Harris ditched the Jeep nearby. He was walking down the street when police picked him up. First he denied any knowledge of the Jeep or teens burglars.
During a 14 hour police interview, he gradually admitted to encountering the officer, shutting his eyes and gunning the Jeep.
Caprio's death set off a firestorm of debate, much of it racially charged. She was white; Harris, black.
Prominent African American defense attorney Warren Brown took on the teen's defense pro bono.
"I got in this case a day after Officer Caprio died," he told the jury, "after reading on social media somebody needs to string him up by his testicles."
Deputy State's Attorney Robin Coffin told jurors she was grateful they would decide the teen's fate _ not a lynch mob.
"Praise the Lord this isn't a lynching," she told them. "Praise the Lord we are not in that day."
The ninth grader from Gilmor Homes in West Baltimore was the first of four teens to stand trial in Caprio's death.
The case against Harris hinged on whether jurors believed the boy burglarized two homes with his friends before running over the officer. Prosecutors charged him as am adult with "felony murder," meaning a felony crime in which a death is foreseeable. For example, when a burglar breaks into a home, awakens the owner and kills him in a struggle. Prosecutors had to prove not only murder, but the burglary too.
In his closing argument Tuesday, Brown conceded that the teen killed Caprio.

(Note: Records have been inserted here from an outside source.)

lemma scaled_N: "\<epsilon> * N (w/\<epsilon>) = Ftot * w - \<epsilon> * Etot"
  using eps_pos by (simp add: N_def field_simps)

lemma scaled_D_lower:
  assumes "w_lo \<le> w" "w \<le> w_hi"
  shows "c1 * w^2 / 2 \<le> \<epsilon> * D (w/\<epsilon>)"
proof -
  have "c1 * w_lo^2 \<le> c1 * w^2"
    using assms w_lo_pos c1_pos by (simp add: power_mono)
  then show ?thesis
    using scaled_D_approx[of w] assms w_lo_pos radius by (auto simp: small_radius_def abs_le_iff)
qed

lemma D_pos_between:
  assumes "z \<in> {w_lo/\<epsilon>..w_hi/\<epsilon>}"
  shows "0 < D z"
proof -
  have w: "w_lo \<le> \<epsilon> * z" "\<epsilon> * z \<le> w_hi" using assms eps_pos by (auto simp: field_simps)
  have "0 < \<epsilon> * z" using w w_lo_pos by linarith
  then have "0 < c1 * (\<epsilon> * z)^2 / 2" using c1_pos by (simp add: power2_eq_square)
  also have "\<dots> \<le> \<epsilon> * D z" using scaled_D_lower[OF w] eps_pos by simp
  finally show ?thesis using eps_pos by (simp add: zero_less_mult_iff)
qed

lemma scaled_N_lo: "Ftot * w_lo / 2 \<le> \<epsilon> * N (w_lo/\<epsilon>)"
  using scaled_N[of w_lo] eps_less_delta Etot_pos radius
  by (simp add: small_radius_def) (smt (verit) mult_strict_right_mono)

lemma N_lo_pos: "0 < N (w_lo/\<epsilon>)"
proof -
  have "0 < \<epsilon> * N (w_lo/\<epsilon>)" using scaled_N_lo Ftot_pos w_lo_pos by (smt (verit) half_gt_zero mult_pos_pos)
  then show ?thesis using eps_pos by (simp add: zero_less_mult_iff)
qed

lemma X_lo_ge: "2 * Stot \<le> X (w_lo/\<epsilon>)"
proof -
  have D_up: "\<epsilon> * D (w_lo/\<epsilon>) \<le> 3/2 * c1 * w_lo^2"
    using scaled_D_approx[of w_lo] w_lo_pos w_lo_less_w_hi radius by (auto simp: small_radius_def abs_le_iff)
  have D_pos: "0 < \<epsilon> * D (w_lo/\<epsilon>)"
    using D_pos_between[of "w_lo/\<epsilon>"] w_lo_less_w_hi eps_pos by (simp add: divide_right_mono)
  have "2 * Stot = (Ftot * w_lo / 2) / (3/2 * c1 * w_lo^2)"
    using Stot_pos c1_pos w_lo_pos by (simp add: w_lo_def field_simps power2_eq_square)
  also have "\<dots> \<le> (\<epsilon> * N (w_lo/\<epsilon>)) / (\<epsilon> * D (w_lo/\<epsilon>))"
    using scaled_N_lo D_up D_pos N_lo_pos eps_pos Ftot_pos w_lo_pos by (intro frac_le) auto
  also have "\<dots> = X (w_lo/\<epsilon>)" using eps_pos by (simp add: X_def)
  finally show ?thesis .
qed
(* Let $p\ge3$ be a prime and let $C$ be a Hochschild cochain complex, free over $\mathbb Z$, with its cup product $*$ and brace operations. Let $\tilde x\in C$ be a cochain of odd degree with $\partial\tilde x\in pC$, and let $x$ be its image in $C\otimes\mathbb Z_p$, so that $x$ is a cycle. For a cochain $\tilde y$ with $\partial\tilde y\in pC$ and image $y$ mod $p$, define the chain-level Bockstein $\beta y:=\frac1p\partial\tilde y\bmod p$. Set $\xi_1x:=x^{[p]}$ and $\zeta_1x:=\sum_{i=1}^{p-1}\frac{(-1)^i}{i}x^{[i]}*x^{[p-i]}$, where $x^{[k]}=(\cdots((x\{x\})\{x\})\cdots)\{x\}$ ($k-1$ braces). Then, on the level of chains in $C\otimes\mathbb Z_p$, $$\zeta_1x=\beta(\xi_1x)-(\mathrm{ad}\,x)^{p-1}(\beta x),$$ where $\beta(\xi_1x)$ is computed from the lift $\tilde x^{[p]}$, and $\mathrm{ad}\,x=[x,\cdot\,]$ with Gerstenhaber bracket $[a,b]=a\{b\}-(-1)^{|a||b|}b\{a\}$, $|a|=\deg a+1$.
   Context: For the Hochschild cochain complex of an associative algebra, $*$ is the cup product and $a\{b_1,\dots,b_n\}$ are the Gerstenhaber–Voronov brace operations; $\deg$ is the cochain degree, and the brace $\{\}_{n+1}$ raises $\deg$ by $n$. *)

theory Defs
  imports "HOL-Number_Theory.Cong"
begin

text \<open>A homogeneous cochain of degree n is a function f :: 'a list => 'a, of which only
the values on lists of length n matter, and which is additive in each of its n slots
(Z-multilinear).  Degrees are carried explicitly as natural-number parameters.\<close>

definition nsm :: "nat \<Rightarrow> 'a::comm_monoid_add \<Rightarrow> 'a" where
  "nsm k a = (\<Sum>i<k. a)"

definition zsm :: "int \<Rightarrow> 'a::ab_group_add \<Rightarrow> 'a" where
  "zsm k a = (if 0 \<le> k then nsm (nat k) a else - nsm (nat (- k)) a)"

definition sgnpow :: "nat \<Rightarrow> 'a::ab_group_add \<Rightarrow> 'a" where
  "sgnpow k a = (if even k then a else - a)"

definition torsion_free :: "'a::ab_group_add itself \<Rightarrow> bool" where
  "torsion_free T \<longleftrightarrow> (\<forall>k (a::'a). 0 < k \<longrightarrow> nsm k a = 0 \<longrightarrow> a = 0)"

definition hoch_cochain :: "nat \<Rightarrow> ('a::ring list \<Rightarrow> 'a) \<Rightarrow> bool" where
  "hoch_cochain n f \<longleftrightarrow>
     (\<forall>xs ys u v. length xs + length ys + 1 = n \<longrightarrow>
        f (xs @ (u + v) # ys) = f (xs @ u # ys) + f (xs @ v # ys))"

definition cup :: "nat \<Rightarrow> ('a::ring list \<Rightarrow> 'a) \<Rightarrow> ('a list \<Rightarrow> 'a) \<Rightarrow> 'a list \<Rightarrow> 'a" where
  "cup m f g = (\<lambda>xs. f (take m xs) * g (drop m xs))"

definition brace :: "nat \<Rightarrow> nat \<Rightarrow> ('a::ring list \<Rightarrow> 'a) \<Rightarrow> ('a list \<Rightarrow> 'a) \<Rightarrow> 'a list \<Rightarrow> 'a" where
  "brace m n f g = (\<lambda>xs. \<Sum>i<m. sgnpow ((n + 1) * i)
       (f (take i xs @ g (take n (drop i xs)) # drop (i + n) xs)))"

definition hdiff :: "nat \<Rightarrow> ('a::ring list \<Rightarrow> 'a) \<Rightarrow> 'a list \<Rightarrow> 'a" where
  "hdiff n f = (\<lambda>xs. xs ! 0 * f (drop 1 xs)
      + (\<Sum>i\<in>{1..n}. sgnpow i (f (take (i - 1) xs @ (xs ! (i - 1) * xs ! i) # drop (i + 1) xs)))
      + sgnpow (n + 1) (f (take n xs) * xs ! n))"

definition gbracket :: "nat \<Rightarrow> nat \<Rightarrow> ('a::ring list \<Rightarrow> 'a) \<Rightarrow> ('a list \<Rightarrow> 'a) \<Rightarrow> 'a list \<Rightarrow> 'a" where
  "gbracket m n f g = (\<lambda>xs. brace m n f g xs - sgnpow ((m + 1) * (n + 1)) (brace n m g f xs))"

text \<open>Brace powers x^[k] = (..((x{x}){x})..){x} (k-1 braces), x of degree n;
x^[k] has degree k(n-1)+1.  The value at k = 0 is a junk value and never used.\<close>
fun brpow :: "nat \<Rightarrow> ('a::ring list \<Rightarrow> 'a) \<Rightarrow> nat \<Rightarrow> 'a list \<Rightarrow> 'a" where
  "brpow n x 0 = x"
| "brpow n x (Suc 0) = x"
| "brpow n x (Suc (Suc k)) = brace (Suc k * (n - 1) + 1) n (brpow n x (Suc k)) x"

fun adpow :: "nat \<Rightarrow> nat \<Rightarrow> ('a::ring list \<Rightarrow> 'a) \<Rightarrow> nat \<Rightarrow> ('a list \<Rightarrow> 'a) \<Rightarrow> 'a list \<Rightarrow> 'a" where
  "adpow n m x 0 b = b"
| "adpow n m x (Suc k) b = gbracket n (m + k * (n - 1)) x (adpow n m x k b)"

definition bock :: "nat \<Rightarrow> nat \<Rightarrow> ('a::ring list \<Rightarrow> 'a) \<Rightarrow> 'a list \<Rightarrow> 'a" where
  "bock p N f = (\<lambda>xs. SOME z. nsm p z = hdiff N f xs)"

definition inv_modp :: "nat \<Rightarrow> nat \<Rightarrow> int" where
  "inv_modp p i = (SOME j. [int i * j = 1] (mod int p))"

definition xi1 :: "nat \<Rightarrow> nat \<Rightarrow> ('a::ring list \<Rightarrow> 'a) \<Rightarrow> 'a list \<Rightarrow> 'a" where
  "xi1 p n x = brpow n x p"

definition zeta1 :: "nat \<Rightarrow> nat \<Rightarrow> ('a::ring list \<Rightarrow> 'a) \<Rightarrow> 'a list \<Rightarrow> 'a" where
  "zeta1 p n x = (\<lambda>xs. \<Sum>i\<in>{1..p - 1}.
      zsm ((-1) ^ i * inv_modp p i) (cup (i * (n - 1) + 1) (brpow n x i) (brpow n x (p - i)) xs))"

text \<open>Equality of degree-N cochains in C (x) Z_p = C / pC.\<close>
definition cong_modp :: "nat \<Rightarrow> nat \<Rightarrow> ('a::ring list \<Rightarrow> 'a) \<Rightarrow> ('a list \<Rightarrow> 'a) \<Rightarrow> bool" where
  "cong_modp p N f g \<longleftrightarrow> (\<forall>xs. length xs = N \<longrightarrow> (\<exists>z. f xs - g xs = nsm p z))"

end

theory Submission
  imports Defs
begin

(* Write b for the Bockstein of x, so that dx = p b, and R for the right brace with x.
   Since x has odd degree, the pre-Lie identity makes the associator of the brace symmetric, which gives
   x^[k]{y} = sum_j (k choose j) R^(k-j) ((ad x)^j y).  Combined with Gerstenhaber's homotopy formula
   d(f{g}) = (df){g} + f{dg} - f*g - g*f (signs for odd degrees) this yields, by induction on k,
     d(x^[k]) = p sum_(j<k) (k choose j+1) R^(k-1-j) ((ad x)^j b) - sum_(0<i<k) (k choose i) x^[i] * x^[k-i].
   For k = p every coefficient (p choose j+1) with j < p - 1 vanishes modulo p, leaving (ad x)^(p-1) b,
   and (p choose i)/p is congruent to -(-1)^i/i, which turns the cup product sum into zeta_1 x. *)

section \<open>Integer multiples and signs\<close>

lemma nsm_0 [simp]: "nsm 0 a = 0"
  by (simp add: nsm_def)

lemma nsm_Suc: "nsm (Suc k) a = a + nsm k a"
  by (simp add: nsm_def add.commute)

lemma nsm_Suc_0 [simp]: "nsm (Suc 0) a = a"
  by (simp add: nsm_def)

lemma nsm_add_left: "nsm (k + l) a = nsm k a + nsm l (a::'a::comm_monoid_add)"
  by (induct k) (simp_all add: nsm_Suc add.assoc)

lemma nsm_nsm: "nsm k (nsm l a) = nsm (k * l) (a::'a::comm_monoid_add)"
  by (induct k) (simp_all add: nsm_Suc nsm_add_left)

lemma nsm_add_right: "nsm k (a + b) = nsm k a + nsm k (b::'a::comm_monoid_add)"
  by (simp add: nsm_def sum.distrib)

lemma nsm_minus_right: "nsm k (- a) = - nsm k (a::'a::ab_group_add)"
  by (simp add: nsm_def sum_negf)

lemma nsm_diff_right: "nsm k (a - b) = nsm k a - nsm k (b::'a::ab_group_add)"
  by (simp add: nsm_def sum_subtractf)

lemma nsm_sum_right: "nsm k (\<Sum>i\<in>A. f i) = (\<Sum>i\<in>A. nsm k (f i :: 'a::comm_monoid_add))"
  unfolding nsm_def by (rule sum.swap)

lemma zsm_of_nat [simp]: "zsm (int k) a = nsm k a"
  by (simp add: zsm_def)

lemma zsm_minus_of_nat: "zsm (- int k) a = - nsm k a"
  by (cases "k = 0") (simp_all add: zsm_def)

lemma zsm_diff_of_nat: "zsm (int k - int l) a = nsm k a - nsm l (a::'a::ab_group_add)"
proof (cases "l \<le> k")
  case True
  then have "int k - int l = int (k - l)"
    by simp
  then have "zsm (int k - int l) a = nsm (k - l) a"
    by (simp only: zsm_of_nat)
  also have "\<dots> = nsm k a - nsm l a"
    using True by (metis add_diff_cancel le_add_diff_inverse2 nsm_add_left)
  finally show ?thesis .
next
  case False
  then have "int k - int l = - int (l - k)"
    by simp
  then have "zsm (int k - int l) a = - nsm (l - k) a"
    by (simp only: zsm_minus_of_nat)
  also have "\<dots> = nsm k a - nsm l a"
    using False by (metis add_diff_cancel_right' minus_diff_eq le_add_diff_inverse2 nle_le nsm_add_left)
  finally show ?thesis .
qed

lemma zsm_add_left: "zsm (c + d) a = zsm c a + zsm d (a::'a::ab_group_add)"
proof -
  obtain k l k' l' where c: "c = int k - int l" and d: "d = int k' - int l'"
    by (metis int_diff_cases)
  have "c + d = int (k + k') - int (l + l')" unfolding c d by simp
  then show ?thesis unfolding c d
    by (simp only: zsm_diff_of_nat nsm_add_left) (simp add: algebra_simps)
qed

lemma zsm_of_nat_mult: "zsm (int k * c) a = nsm k (zsm c (a::'a::ab_group_add))"
proof -
  obtain l l' where c: "c = int l - int l'"
    by (metis int_diff_cases)
  have "int k * c = int (k * l) - int (k * l')" unfolding c by (simp add: algebra_simps)
  then show ?thesis unfolding c
    by (simp only: zsm_diff_of_nat nsm_diff_right nsm_nsm)
qed

lemma sgnpow_even [simp]: "even k \<Longrightarrow> sgnpow k a = a"
  by (simp add: sgnpow_def)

"It ain't a matter of innocence. We know that he is responsible for her death and that's between him and God," Brown told the jury.
Instead, the defense attorneys sought to distance Harris from the burglaries, portraying him merely as a "dumb kid." They said the teen didn't ask too many questions when he hopped in a snazzy Jeep with his pals went joyriding in the suburbs. Even when the others began burglarizing homes, Brown said, Harris waited in the car.
"It's not in his spirit to hurt anybody. That's why he didn't go up in these homes," Brown told the jury.
Coffin, however, described Harris not as a naive teen hiding in the Jeep but as the lookout and getaway driver. She showed the jury text messages and phone call logs between Harris and the teens inside.
He waited outside in the Jeep 42 minutes while the teens burglarized one particular home, she told jurors.
"The defendant wants you to think he had no idea what's happening," Coffin said. "To suggest that he's not a primary actor is absurd."
Caprio was the 10th officer killed in the 144-year history of the Baltimore County Police Department. She was the first officer to die in the line of duty since Jason Schneider was gunned down while serving an arrest warrant in Catonsville six years ago.